If you look closely at the script you’ll discover that it doesn’t delete snapshots that fall outside the cycle length straight away, but instead renames them to #{snapshot_dir}.spillover. This makes it easy to “chain” snapshot scripts and have a less frequently run version (e.g. the “daily backup”) use the spillover directory as its backup root without having to know about the cycle length used by the more frequently run instance (e.g. the “hourly backup”).
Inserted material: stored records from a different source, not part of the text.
lemma blue_wins_new_blue:
  assumes q: "q \<in> RX" and b: "b \<in> BY q" and card: "card (blue_set (PY q) b) = l"
    and blue: "\<forall>p\<in>blue_set (PY q) b. \<not> col p" "\<not> col (new_point q b)"
  shows "blue_wins (Suc l) points blue_ports col"
proof -
  have "finite (blue_set (PY q) b)"
    using gadget.finite_points[OF Y_gadget[OF q]] unfolding blue_set_def by simp
  moreover have "new_point q b \<notin> blue_set (PY q) b" using ygap_pos[OF q] unfolding blue_set_def
    by simp
  ultimately have "card (blue_set points (new_blue q b)) = Suc l"
    using blue_set_new_blue[OF q b] card by simp
  then show ?thesis
    using blue_set_new_blue[OF q b] blue new_blue_in_blue_ports[OF q b] unfolding blue_wins_def
    by (intro bexI[of _ "new_blue q b"]) auto
qed

lemma red_wins_new_red:
  assumes q: "q \<in> RX" and z: "rp_start q < z" "z \<le> rp_end q" and card: "card (red_set PX q z) = k"
    and red: "\<forall>p\<in>red_set PX q z. col p" and b: "b \<in> BY q" and "col (new_point q b)"
  shows "red_wins (Suc k) points red_ports col"
proof -
  let ?z = "max z (fst (new_point q b))"
  have "finite (red_set PX q z)" using X.finite_points unfolding red_set_def by simp
  moreover have "new_point q b \<notin> red_set PX q z"
    using new_point_in_inner[OF q b] inner_band[OF q] unfolding red_set_def by fastforce
  ultimately have "card (red_set points (new_red q b) ?z) = Suc k"
    using red_set_new_red[OF q b z(2)] card by simp
  moreover have "rp_start (new_red q b) < ?z" "?z \<le> rp_end (new_red q b)"
    using new_red_start[OF q b] new_point_fst[OF q b] start_sep_end[OF q] slot_width_pos z by auto
  ultimately show ?thesis
    using red_set_new_red[OF q b z(2)] red assms(7) new_red_in_red_ports[OF q b]
    unfolding red_wins_def by (metis insert_iff)
qed

lemma forces_merged:
  assumes X: "forces k (Suc l) PX RX BX" and Y: "\<And>q. q \<in> RX \<Longrightarrow> forces (Suc k) l (PY q) (RY q) (BY q)"
  shows "forces (Suc k) (Suc l) points red_ports blue_ports"
  unfolding forces_def
proof
  fix col
  from X consider "red_wins k PX RX col" | "blue_wins (Suc l) PX BX col" unfolding forces_def
    by blast
  then show "red_wins (Suc k) points red_ports col \<or> blue_wins (Suc l) points blue_ports col"
  proof cases
    case 1
    then obtain q z where q: "q \<in> RX" and z: "rp_start q < z" "z \<le> rp_end q"
      and red: "card (red_set PX q z) = k" "\<forall>p\<in>red_set PX q z. col p"
      unfolding red_wins_def by blast
    from Y[OF q] consider "red_wins (Suc k) (PY q) (RY q) col" | "blue_wins l (PY q) (BY q) col"
      unfolding forces_def by blast
    then show ?thesis
    proof cases
      case 1
      then show ?thesis using red_wins_Y_port[OF q] by blast
    next
      case 2
      then obtain b where "b \<in> BY q" "card (blue_set (PY q) b) = l" "\<forall>p\<in>blue_set (PY q) b. \<not> col p"
        unfolding blue_wins_def by blast
      then show ?thesis
        using red_wins_new_red[OF q z red] blue_wins_new_blue[OF q]
        by (cases "col (new_point q b)") auto
    qed
  next
    case 2
    then show ?thesis using blue_wins_X_port by blast
  qed
qed

end

lemma gadget_exists:
  "x0 < x1 \<Longrightarrow> y0 < y1 \<Longrightarrow> \<exists>P RP BP. gadget x0 x1 y0 y1 P RP BP \<and> forces k l P RP BP"
proof (induction "k + l" arbitrary: k l x0 x1 y0 y1 rule: less_induct)
  case less
  consider "k = 0" | "l = 0" | k' l' where "k = Suc k'" "l = Suc l'"
    by (metis not0_implies_Suc)
  then show ?case
  proof cases
    case 1
    then show ?thesis using gadget_one_red_port[OF less.prems] forces_one_red_port less.prems
      by fastforce
  next
    case 2
    then show ?thesis using gadget_one_blue_port[OF less.prems(2)] forces_one_blue_port by blast
  next
    case 3
    obtain PX RX BX where X: "gadget x0 ((x0 + x1) / 2) y0 y1 PX RX BX"
      "forces k' (Suc l') PX RX BX"
      using less.hyps[of k' "Suc l'" x0 "(x0 + x1) / 2" y0 y1] less.prems 3 by auto
    interpret split: gadget_split x0 x1 y0 y1 PX RX BX
      using X(1) less.prems(1) by (simp add: gadget_split_def gadget_split_axioms_def)
    have "\<forall>q\<in>RX. \<exists>P RP BP. gadget (split.slot q) (split.slot q + split.slot_width)
        (split.inner_low q) (split.inner_high q) P RP BP \<and> forces (Suc k') l' P RP BP"
      using less.hyps[of "Suc k'" l'] 3 split.slot_width_pos split.inner_band by auto
    then obtain PY RY BY where Y: "\<And>q. q \<in> RX \<Longrightarrow>
        gadget (split.slot q) (split.slot q + split.slot_width) (split.inner_low q) (split.inner_high q)
          (PY q) (RY q) (BY q) \<and> forces (Suc k') l' (PY q) (RY q) (BY q)"
      by metis
    interpret merge: gadget_merge x0 x1 y0 y1 PX RX BX PY RY BY
      using X(1) less.prems(1) Y
      by (simp add: gadget_merge_def gadget_merge_axioms_def gadget_split_def
          gadget_split_axioms_def)
    show ?thesis
      using merge.gadget_merged merge.forces_merged[OF X(2)] Y 3 by blast
  qed
qed

section \<open>From the game to monochromatic hyperedges\<close>

definition mono_range_forced :: "point set \<Rightarrow> nat \<Rightarrow> bool" where
  "mono_range_forced V m \<longleftrightarrow> (\<forall>col. \<exists>R\<in>R_BL \<union> R_HS.
     card (V \<inter> R) = m \<and> ((\<forall>v\<in>V \<inter> R. col v) \<or> (\<forall>v\<in>V \<inter> R. \<not> col v)))"

lemma (in gadget) red_set_eq_Int_R_BL:
  assumes q: "q \<in> RP" and z: "z \<le> rp_end q"
  shows "\<exists>R\<in>R_BL. red_set P q z = P \<inter> R"
proof -
  define g where "g = separation (insert (rp_start q) (fst ` P))"
  have fin: "finite (insert (rp_start q) (fst ` P))" using finite_points by simp
  have g: "0 < g" "\<And>p. p \<in> P \<Longrightarrow> rp_start q < fst p \<Longrightarrow> rp_start q + g \<le> fst p"
    unfolding g_def using separation_pos[OF fin] separation_le[OF fin] by auto
  define R where "R = {(x, y). rp_start q + g / 2 \<le> x \<and> x \<le> z \<and> y \<le> (rp_low q + rp_high q) / 2}"
  have "R \<in> R_BL" unfolding R_BL_def R_def by blast
  moreover have "red_set P q z = P \<inter> R"
  proof (intro set_eqI iffI)
    fix p assume "p \<in> red_set P q z"
    then show "p \<in> P \<inter> R"
      using g red_in_box[OF q] unfolding red_set_def R_def by (fastforce simp: case_prod_unfold)
  next
    fix p assume p: "p \<in> P \<inter> R"
    then have "rp_start q < fst p" "fst p \<le> z" "snd p < rp_high q"
      using g red_in_box[OF q] unfolding R_def by (auto simp: case_prod_unfold)
    then show "p \<in> red_set P q z"
      using band_empty[OF q] p z unfolding red_set_def by force
  qed
  ultimately show ?thesis by blast
qed

lemma blue_set_eq_Int_R_HS: "\<exists>R\<in>R_HS. blue_set P b = P \<inter> R"
proof
  show "blue_set P b = P \<inter> {(x, y). bp_low b \<le> y \<and> y \<le> bp_high b}" unfolding blue_set_def by auto
qed (auto simp: R_HS_def)

lemma (in gadget) forces_mono_range_forced:
  assumes "forces m m P RP BP"
  shows "mono_range_forced P m"
  unfolding mono_range_forced_def
proof
  fix col
  from assms consider "red_wins m P RP col" | "blue_wins m P BP col" unfolding forces_def by blast
  then show "\<exists>R\<in>R_BL \<union> R_HS. card (P \<inter> R) = m \<and> ((\<forall>v\<in>P \<inter> R. col v) \<or> (\<forall>v\<in>P \<inter> R. \<not> col v))"
  proof cases
    case 1
    then obtain q z where q: "q \<in> RP" "z \<le> rp_end q"
      and red: "card (red_set P q z) = m" "\<forall>p\<in>red_set P q z. col p"
      unfolding red_wins_def by blast
    obtain R where "R \<in> R_BL" "red_set P q z = P \<inter> R" using red_set_eq_Int_R_BL[OF q] by blast
    then show ?thesis using red by (intro bexI[of _ R]) auto
  next
    case 2
    then obtain b where blue: "card (blue_set P b) = m" "\<forall>p\<in>blue_set P b. \<not> col p"
      unfolding blue_wins_def by blast
    obtain R where "R \<in> R_HS" "blue_set P b = P \<inter> R" using blue_set_eq_Int_R_HS by blast
    then show ?thesis using blue by (intro bexI[of _ R]) auto
  qed
qed

definition xscale :: "real \<Rightarrow> point \<Rightarrow> point" where
  "xscale D p = (D * fst p, snd p)"

lemma inj_xscale: "D \<noteq> 0 \<Longrightarrow> inj (xscale D)"
  unfolding xscale_def by (rule injI) (simp add: prod_eq_iff)

lemma xscale_image_Collect:
  assumes "D \<noteq> 0"
  shows "xscale D ` {(x, y). \<Phi> x y} = {(x, y). \<Phi> (x / D) y}"
proof (intro set_eqI iffI)
  fix p assume "p \<in> {(x, y). \<Phi> (x / D) y}"
  then have "p = xscale D (fst p / D, snd p)" "\<Phi> (fst p / D) (snd p)"
    using assms unfolding xscale_def by (auto simp: case_prod_unfold)
  then show "p \<in> xscale D ` {(x, y). \<Phi> x y}" by fastforce
qed (use assms in \<open>auto simp: xscale_def\<close>)

lemma xscale_range:
  assumes "0 < D" and "R \<in> R_BL \<union> R_HS"
  shows "xscale D ` R \<in> R_BL \<union> R_HS"
  using assms(2)
proof
  assume "R \<in> R_BL"
  then obtain a1 a2 b where "R = {(x, y). a1 \<le> x \<and> x \<le> a2 \<and> y \<le> b}" unfolding R_BL_def by blast
  then have "xscale D ` R = {(x, y). D * a1 \<le> x \<and> x \<le> D * a2 \<and> y \<le> b}"
    using assms(1) by (simp add: xscale_image_Collect pos_le_divide_eq pos_divide_le_eq mult.commute)
  then show ?thesis unfolding R_BL_def by blast
next
  assume "R \<in> R_HS"
  then obtain b1 b2 where "R = {(x, y). b1 \<le> y \<and> y \<le> b2}" unfolding R_HS_def by blast
  then have "xscale D ` R = R" using assms(1) by (simp add: xscale_image_Collect)
  then show ?thesis using \<open>R \<in> R_HS\<close> by simp
qed

lemma mono_range_forced_xscale:
  assumes "0 < D" and "mono_range_forced P m"
  shows "mono_range_forced (xscale D ` P) m"
  unfolding mono_range_forced_def
proof
  fix col
  from assms(2) obtain R where R: "R \<in> R_BL \<union> R_HS" "card (P \<inter> R) = m"
    "(\<forall>p\<in>P \<inter> R. col (xscale D p)) \<or> (\<forall>p\<in>P \<inter> R. \<not> col (xscale D p))"
    unfolding mono_range_forced_def by blast
  have inj: "inj (xscale D)" using inj_xscale assms(1) by simp
  have "xscale D ` P \<inter> xscale D ` R = xscale D ` (P \<inter> R)" using image_Int[OF inj] by simp
  moreover have "card (xscale D ` (P \<inter> R)) = m"
    using R(2) card_image inj_on_subset[OF inj] by blast
  ultimately show "\<exists>R\<in>R_BL \<union> R_HS. card (xscale D ` P \<inter> R) = m \<and>
      ((\<forall>v\<in>xscale D ` P \<inter> R. col v) \<or> (\<forall>v\<in>xscale D ` P \<inter> R. \<not> col v))"
    using xscale_range[OF assms(1) R(1)] R(3) by (intro bexI[of _ "xscale D ` R"]) auto
qed

text \<open>Two points get equal sums x + y for at most one stretch factor, so all but finitely
  many factors work.\<close>
lemma general_position_xscale:
  assumes "finite P" "inj_on fst P" "inj_on snd P"
  shows "\<exists>D>0. general_position (xscale D ` P)"
proof -
  define bad where "bad = (\<lambda>(p, q). (snd q - snd p) / (fst p - fst q)) ` (P \<times> P)"
  have "finite bad" unfolding bad_def using assms(1) by simp
  then have "{0<..} - bad \<noteq> {}" using Diff_infinite_finite[OF _ infinite_Ioi]
    by (metis finite.emptyI)
  then obtain D where D: "0 < D" "D \<notin> bad" by auto
  have "general_position (xscale D ` P)"
    unfolding general_position_def
  proof (intro ballI impI)
    fix v w assume "v \<in> xscale D ` P" "w \<in> xscale D ` P" "v \<noteq> w"
    then obtain p q where pq: "p \<in> P" "q \<in> P" "v = xscale D p" "w = xscale D q" "p \<noteq> q" by blast
    then have x: "fst p \<noteq> fst q" and y: "snd p \<noteq> snd q" using assms(2,3) by (auto dest: inj_onD)
    have "(snd q - snd p) / (fst p - fst q) \<in> bad" unfolding bad_def using pq(1,2) by force
    then have "D \<noteq> (snd q - snd p) / (fst p - fst q)" using D(2) by auto
    then have "D * (fst p - fst q) \<noteq> snd q - snd p" using x by (simp add: eq_divide_eq)
    then have "D * fst p + snd p \<noteq> D * fst q + snd q" by (simp add: algebra_simps)
    then show "fst v \<noteq> fst w \<and> snd v \<noteq> snd w \<and> fst v + snd v \<noteq> fst w + snd w"
      using x y D(1) pq(3,4) unfolding xscale_def by auto
  qed
  then show ?thesis using D(1) by blast
qed

lemma mono_range_forced_not_polychromatic:
  assumes "mono_range_forced V m"
  shows "\<not> polychromatic V (hyperedges_m V (R_BL \<union> R_HS) m) 2 c"
proof
  assume poly: "polychromatic V (hyperedges_m V (R_BL \<union> R_HS) m) 2 c"
  obtain R where R: "R \<in> R_BL \<union> R_HS" "card (V \<inter> R) = m"
    "(\<forall>v\<in>V \<inter> R. c v = 1) \<or> (\<forall>v\<in>V \<inter> R. c v \<noteq> 1)"
    using assms unfolding mono_range_forced_def by blast
  have "V \<inter> R \<in> hyperedges_m V (R_BL \<union> R_HS) m"
    using R(1,2) unfolding hyperedges_m_def hyperedges_def by blast
  then have "\<exists>v\<in>V \<inter> R. c v = 1" "\<exists>v\<in>V \<inter> R. c v = 2"
    using poly unfolding polychromatic_def by auto
  then show False using R(3) by force
qed

theorem mainTheorem1:
  shows "m_R_infinite (R_BL \<union> R_HS) 2"
  unfolding m_R_infinite_def
proof (intro allI notI)
  fix m
  assume colorable: "\<forall>V. finite V \<and> general_position V \<longrightarrow>
    (\<exists>c. polychromatic V (hyperedges_m V (R_BL \<union> R_HS) m) 2 c)"
  obtain P RP BP where G: "gadget 0 1 0 1 P RP BP" and "forces m m P RP BP"
    using gadget_exists[of 0 1 0 1 m m] by auto
  then have forced: "mono_range_forced P m" by (rule gadget.forces_mono_range_forced)
  obtain D where "0 < D" and gp: "general_position (xscale D ` P)"
    using general_position_xscale gadget.finite_points[OF G] gadget.inj_fst[OF G]
      gadget.inj_snd[OF G]
    by blast
  have "mono_range_forced (xscale D ` P) m" using mono_range_forced_xscale[OF \<open>0 < D\<close> forced] .
  moreover have "finite (xscale D ` P)" using gadget.finite_points[OF G] by simp
  ultimately show False using colorable gp mono_range_forced_not_polychromatic by blast
qed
When the script runs it places each snapshot inside the target directory. The names of the snapshots are derived from the base name of the cycle definition file and the snapshot number. So, if the cycle file is called ‘daily.cycle’ and the target directory is ‘snapshots’, then we’ll end up with
snapshots | +-- daily.0 +-- daily.1 +-- daily.2
and so on.
The beauty of this approach is that if I need to find a certain file in the backup root, then I simply cd into the snapshot taken closest to the point-in-time I’m interested in and search for it there. I won’t have to deal with incremental restores or the like — each snapshot directory will appear to contain the entire file tree rooted in the backup root as it appeared at the moment the snapshot was generated.
Next stop: moving to ZFS and it’s built-in snapshot facilities.